> _What this task involves_: From the records below, count the lines holding the string "unfolding". Only the number is wanted.

> _Collected data_:
******************************

lemma coeff_nonneg_const_poly_times:
  "a \<ge> 0 \<Longrightarrow> coeff_nonneg p \<Longrightarrow> coeff_nonneg (const_poly a * p)"
  using coeff_le_const_poly_times[of 0 p a] by simp

lemma mdeg_eq_sum: "finite S \<Longrightarrow> keys w \<subseteq> S \<Longrightarrow> mdeg w = (\<Sum>i\<in>S. lookup w i)"
  unfolding mdeg_def by (rule sum.mono_neutral_left) (auto simp: in_keys_iff)

lemma mdeg_eq_sum_lessThan: "keys w \<subseteq> {..<n} \<Longrightarrow> mdeg w = (\<Sum>i<n. lookup w i)"
  by (rule mdeg_eq_sum) auto

lemma keys_add_nat: "keys (a + b) = keys a \<union> keys (b :: 'a \<Rightarrow>\<^sub>0 nat)"
  by (auto simp: in_keys_iff lookup_add)

lemma keys_diff_nat: "keys (a - b) \<subseteq> keys (a :: 'a \<Rightarrow>\<^sub>0 nat)"
  by (auto simp: in_keys_iff lookup_minus)

lemma mdeg_add: "mdeg (a + b) = mdeg a + mdeg b"
proof -
  let ?S = "keys a \<union> keys b"
  have "mdeg (a + b) = (\<Sum>i\<in>?S. lookup (a + b) i)"
    by (rule mdeg_eq_sum) (auto simp: keys_add_nat)
  also have "\<dots> = (\<Sum>i\<in>?S. lookup a i) + (\<Sum>i\<in>?S. lookup b i)"
    by (simp add: lookup_add sum.distrib)
  also have "\<dots> = mdeg a + mdeg b"
    using mdeg_eq_sum[of ?S a] mdeg_eq_sum[of ?S b] by simp
  finally show ?thesis .
qed

lemma mdeg_single: "mdeg (Poly_Mapping.single i k) = k"
  unfolding mdeg_def by (cases "k = 0") auto

lemma mdeg_eq_0_iff: "mdeg w = 0 \<longleftrightarrow> w = 0"
  unfolding mdeg_def by (auto simp: in_keys_iff poly_mapping_eq_iff fun_eq_iff)

lemma monos_deg_add:
  "a \<in> monos_deg n d \<Longrightarrow> b \<in> monos_deg n e \<Longrightarrow> a + b \<in> monos_deg n (d + e)"
  by (auto simp: monos_deg_def keys_add_nat mdeg_add)

lemma sum_lookup_monos_deg: "w \<in> monos_deg n d \<Longrightarrow> (\<Sum>i<n. lookup w i) = d"
  by (auto simp: monos_deg_def dest: mdeg_eq_sum_lessThan)

lemma lookup_le_monos_deg:
  assumes "w \<in> monos_deg n d"
  shows "lookup w i \<le> d"
proof (cases "i < n")
  case True
  then show ?thesis
    using member_le_sum[of i "{..<n}" "lookup w"] sum_lookup_monos_deg[OF assms] by simp
next
  case False
  then have "i \<notin> keys w"
    using assms by (auto simp: monos_deg_def)
  then show ?thesis
    by (simp add: in_keys_iff)
qed
(* Let $\{U_n\}_{n\ge1}$ be a $*$-submixing sequence adapted to a filtration $\{\mathcal{F}_n\}_{n\ge1}$ with $\mathbb{E}(U_n)=0$ and $\mathbb{E}(U_n^2)<\infty$ for all $n$. Let $\{b_n\}$ be positive constants increasing to $\infty$ such that $\sum_{n=1}^\infty b_n^{-2}\mathbb{E}(U_n^2)<\infty$ and $\sup_n b_n^{-1}\sum_{i=1}^n\mathbb{E}|U_i|<\infty$. Then $b_n^{-1}\sum_{i=1}^nU_i\to0$ almost surely.
   Context: A sequence $\{U_n\}_{n\ge1}$ is $*$-submixing adapted to $\{\mathcal{F}_n\}$ if $U_n$ is $\mathcal{F}_n$-measurable for each $n$ and there exist a positive integer $N$ and a non-negative function $f$ on the integers $n\ge N$ with $f(n)\to0$ as $n\to\infty$ such that for all $n\ge N$ and $m\ge1$, almost surely, $|\mathbb{E}(U_{n+m}|\mathcal{F}_m)-\mathbb{E}(U_{n+m})|\le f(n)\,\mathbb{E}|U_{n+m}|$. *)

theory Defs
  imports "HOL-Probability.Probability"
begin

definition is_filtration :: "'a measure \<Rightarrow> (nat \<Rightarrow> 'a measure) \<Rightarrow> bool" where
  "is_filtration M F \<longleftrightarrow>
     (\<forall>n\<ge>1. subalgebra M (F n)) \<and>
     (\<forall>n m. 1 \<le> n \<longrightarrow> n \<le> m \<longrightarrow> sets (F n) \<subseteq> sets (F m))"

******************************

> _Result for this task_: 3